Introspection - The Next Chapter

As I'm writing I am listening to Linkin Park's album One More Light. Today was the day of my father Ebenezer 'Joojo' 'Astro' Asafu-Adjaye's funeral service. 

For the majority of the day I have had no emotions shown and the answer to the usual question of "how are you feeling?" Is always answered by me in "I'm alright". But I know deep inside I am not okay. 

I am sitting in my back seat during the service with many emotions. Anger? Check. Sadness? Check. Anxiety? Also check. 

It has gotten so bad that I almost lost control inside the event space in front of my now widowed mother and a bunch of relatives. All over a simple family picture that they wanted but when I was finally ready for, they weren't. 

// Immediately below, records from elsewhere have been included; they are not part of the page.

definition depth :: "('a \<Rightarrow> 'a) \<Rightarrow> 'a \<Rightarrow> 'a \<Rightarrow> nat" where
  "depth par rt x = (LEAST n. (par ^^ n) x = rt)"

definition children :: "('a \<Rightarrow> 'a) \<Rightarrow> 'a \<Rightarrow> 'a set \<Rightarrow> 'a \<Rightarrow> 'a set" where
  "children par rt V u = {x \<in> V. x \<noteq> rt \<and> par x = u}"

definition tree_edges :: "('a \<Rightarrow> 'a) \<Rightarrow> 'a \<Rightarrow> 'a set \<Rightarrow> 'a set set" where
  "tree_edges par rt V = {{x, par x} | x. x \<in> V - {rt}}"

definition valid_u :: "('a \<Rightarrow> 'a) \<Rightarrow> 'a \<Rightarrow> nat \<Rightarrow> 'a set \<Rightarrow> 'a set \<Rightarrow> 'a \<Rightarrow> bool" where
  "valid_u par rt k V U u \<longleftrightarrow>
     (if \<exists>w\<in>V. card (U \<inter> subtree par V w) > k
      then u \<in> V \<and> card (U \<inter> subtree par V u) > k
           \<and> (\<forall>w\<in>V. card (U \<inter> subtree par V w) > k \<longrightarrow> depth par rt w \<le> depth par rt u)
      else u = rt)"

text \<open>Vertices of the subtrees of a group G (a set of children of u), its uncovered
  clients and its cost (subtree edges plus edges to u).\<close>
definition gverts :: "('a \<Rightarrow> 'a) \<Rightarrow> 'a set \<Rightarrow> 'a set \<Rightarrow> 'a set" where
  "gverts par V G = (\<Union>w\<in>G. subtree par V w)"

definition gU :: "('a \<Rightarrow> 'a) \<Rightarrow> 'a set \<Rightarrow> 'a set \<Rightarrow> 'a set \<Rightarrow> 'a set" where
  "gU par V U G = U \<inter> gverts par V G"

definition gcost :: "('a \<Rightarrow> 'a \<Rightarrow> real) \<Rightarrow> ('a \<Rightarrow> 'a) \<Rightarrow> 'a set \<Rightarrow> 'a set \<Rightarrow> real" where
  "gcost c par V G = (\<Sum>x\<in>gverts par V G. c x (par x))"

inductive grp_reach :: "('a set \<Rightarrow> nat) \<Rightarrow> nat \<Rightarrow> 'a set set \<Rightarrow> 'a set set \<Rightarrow> bool"
  for f k P0 where
  start: "grp_reach f k P0 P0"
| merge: "grp_reach f k P0 P \<Longrightarrow> G \<in> P \<Longrightarrow> G' \<in> P \<Longrightarrow> G \<noteq> G' \<Longrightarrow> f (G \<union> G') \<le> k
          \<Longrightarrow> grp_reach f k P0 (insert (G \<union> G') (P - {G, G'}))"

definition valid_grouping :: "('a \<Rightarrow> 'a) \<Rightarrow> 'a \<Rightarrow> nat \<Rightarrow> 'a set \<Rightarrow> 'a set \<Rightarrow> 'a \<Rightarrow> 'a set set \<Rightarrow> bool" where
  "valid_grouping par rt k V U u P \<longleftrightarrow>
     grp_reach (\<lambda>G. card (gU par V U G)) k {{w} | w. w \<in> children par rt V u} P
     \<and> \<not> (\<exists>G\<in>P. \<exists>G'\<in>P. G \<noteq> G' \<and> card (gU par V U (G \<union> G')) \<le> k)"

definition cheapest_edge :: "('a \<Rightarrow> 'a \<Rightarrow> real) \<Rightarrow> 'a set \<Rightarrow> 'a set \<Rightarrow> 'a \<Rightarrow> 'a \<Rightarrow> bool" where
  "cheapest_edge c R T r' v \<longleftrightarrow> r' \<in> R \<and> v \<in> T \<and> (\<forall>r\<in>R. \<forall>y\<in>T. c r' v \<le> c r y)"
lemma qfact_nonzero: "\<bar>q\<bar> < 1 \<Longrightarrow> qfact q n \<noteq> 0"
  by (induction n) (simp_all add: qfact_Suc power_Suc_neq_one del: power_Suc)

lemma qbinom_0_right: "\<bar>q\<bar> < 1 \<Longrightarrow> qbinom q m 0 = 1"
  by (simp add: qbinom_def qfact_nonzero)

lemma qbinom_diag: "\<bar>q\<bar> < 1 \<Longrightarrow> qbinom q m m = 1"
  by (simp add: qbinom_def qfact_nonzero)

lemma qbinom_above: "m < k \<Longrightarrow> qbinom q m k = 0"
  by (simp add: qbinom_def)

lemma qbinom_Suc_Suc:
  assumes q: "\<bar>q\<bar> < 1"
  shows "qbinom q (Suc (Suc m)) (Suc k)
       = qbinom q (Suc m) (Suc k) + qbinom q (Suc m) k - (1 - q ^ Suc m) * qbinom q m k"
proof (cases "k \<le> m")
  case True
  then obtain r where m: "m = k + r" using le_iff_add by blast
  define A B M uk ur um where defs: "A = qfact q k" "B = qfact q r" "M = qfact q (k + r)"
    "uk = 1 - q ^ Suc k" "ur = 1 - q ^ Suc r" "um = 1 - q ^ Suc (k + r)"
  \<comment> \<open>the last one is \<open>1 - q\<^sup>k\<^sup>+\<^sup>r\<^sup>+\<^sup>2 = 1 - q\<^sup>k\<^sup>+\<^sup>1 q\<^sup>r\<^sup>+\<^sup>1\<close> in disguise\<close>
  have facts: "qfact q (Suc k) = A * uk" "qfact q (Suc r) = B * ur" "qfact q (Suc (k + r)) = M * um"
    "qfact q (Suc (Suc (k + r))) = M * um * (uk + ur - uk * ur)"
    by (simp_all add: defs qfact_Suc algebra_simps power_add[symmetric] del: power_Suc)
  have nz: "A \<noteq> 0" "B \<noteq> 0" "uk \<noteq> 0" "ur \<noteq> 0"
    using qfact_nonzero[OF q] power_Suc_neq_one[OF q]
    by (simp_all add: defs del: power_Suc)
  have diffs: "Suc (Suc m) - Suc k = Suc r" "Suc m - Suc k = r" "Suc m - k = Suc r" "m - k = r"
    using m by auto
  have "M * um * (uk + ur - uk * ur) / (A * uk * (B * ur))
      = M * um / (A * uk * B) + M * um / (A * (B * ur)) - um * (M / (A * B))"
    using nz by (simp add: field_simps)
  then show ?thesis
    using True unfolding qbinom_def
    by (simp add: diffs m facts flip: defs del: power_Suc)
next
  case False
  then consider "k = Suc m" | "Suc m < k" by linarith
  then show ?thesis
    by cases (simp_all add: qbinom_diag[OF q] qbinom_above)
qed

lemma rogers_szego_0 [simp]: "rogers_szego 0 x q = 1"
  by (simp add: rogers_szego_def qbinom_def)

text \<open>For \<open>m = 0\<close> the truncated \<open>m - 1\<close> is harmless because its coefficient \<open>1 - q\<^sup>0\<close> vanishes.\<close>
lemma rogers_szego_Suc:
  assumes q: "\<bar>q\<bar> < 1"
  shows "rogers_szego (Suc m) x q
       = (1 + x) * rogers_szego m x q - x * (1 - q ^ m) * rogers_szego (m - 1) x q"
proof (cases m)
  case 0
  then show ?thesis by (simp add: rogers_szego_def qbinom_0_right[OF q] qbinom_diag[OF q])
next
  case (Suc n)
  have shift: "rogers_szego (Suc k) x q = 1 + (\<Sum>l\<le>N. qbinom q (Suc k) (Suc l) * x ^ Suc l)"
    if "k \<le> N" for k N
  proof -
    have "(\<Sum>l\<le>k. qbinom q (Suc k) (Suc l) * x ^ Suc l) = (\<Sum>l\<le>N. qbinom q (Suc k) (Suc l) * x ^ Suc l)"
      using that by (intro sum.mono_neutral_left) (auto simp: qbinom_above)
    then show ?thesis
      unfolding rogers_szego_def sum.atMost_Suc_shift by (simp add: qbinom_0_right[OF q])
  qed
  have times_x: "x * c * rogers_szego k x q = (\<Sum>l\<le>N. c * qbinom q k l * x ^ Suc l)"
    if "k \<le> N" for k N c
  proof -
    have "(\<Sum>l\<le>k. c * qbinom q k l * x ^ Suc l) = (\<Sum>l\<le>N. c * qbinom q k l * x ^ Suc l)"
      using that by (intro sum.mono_neutral_left) (auto simp: qbinom_above)
    then show ?thesis
      unfolding rogers_szego_def by (simp add: sum_distrib_left algebra_simps)
  qed
  show ?thesis
    using times_x[of "Suc n" "Suc n" 1] times_x[of n "Suc n" "1 - q ^ Suc n"]
      shift[of "Suc n" "Suc n"] shift[of n "Suc n"]
    by (simp add: Suc algebra_simps qbinom_Suc_Suc[OF q] sum.distrib sum_subtractf
        del: power_Suc sum.atMost_Suc)
qed

lemma scaled_rogers_szego_Suc:
  assumes "\<bar>q\<bar> < 1"
  shows "c ^ Suc m * rogers_szego (Suc m) x q
       = c * (1 + x) * (c ^ m * rogers_szego m x q)
         - c\<^sup>2 * x * (1 - q ^ m) * (c ^ (m - 1) * rogers_szego (m - 1) x q)"
  by (cases m) (simp_all add: rogers_szego_Suc[OF assms] power2_eq_square algebra_simps)

text \<open>For \<open>n = 0\<close> the configuration \<open>(1, n - 1, 0, n)\<close> violates conservation and has weight
  \<open>0 = 1 - q\<^sup>0\<close>, so truncated subtraction does no harm.\<close>
lemma black_w_conserving:
  "black_w a q 0 n 0 n = 1" "black_w a q 0 (Suc n) 1 n = a"
  "black_w a q 1 (n - 1) 0 n = 1 - q ^ n" "black_w a q 1 n 1 n = a"
  by (cases n; simp add: black_w_def)+

lemma red_w_conserving:
  "red_w a q 0 n 0 n = a" "red_w a q 0 (Suc n) 1 n = 1"
  "red_w a q 1 (n - 1) 0 n = a * (1 - q ^ n)" "red_w a q 1 n 1 n = 1"
  by (cases n; simp add: red_w_def)+

lemma black_w_conservation: "black_w a q l m r n \<noteq> 0 \<Longrightarrow> l + m = r + n"
  by (simp add: black_w_def split: if_splits)

lemma red_w_conservation: "red_w a q l m r n \<noteq> 0 \<Longrightarrow> l + m = r + n"
  by (simp add: red_w_def split: if_splits)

Now I know that I have my share of demons. Some way stronger and tempting than others. But as of now. Me being 25. And at the age of 22, losing my best friend and pretty much distant brother Dealo. I am pretty distraught. 

Life goes on. Yes. But even in my past I have had these strange feelings of depression and reckless, destructive and harmful behavior of myself. But today, although I sit here in silence now with my headphones dead and lying in my ears, there they are. Resurfaced. I really hope that I can control them like before going forward. Because like Machine Gun Kelly said in his song "Death in my Pocket, "I think I'm ready to die tonight, It's fucked up 'cause I ain't lived half my life. 

Let's see where this goes going forward. 

Love you Daddy. Wish you the best of luck in the skies above.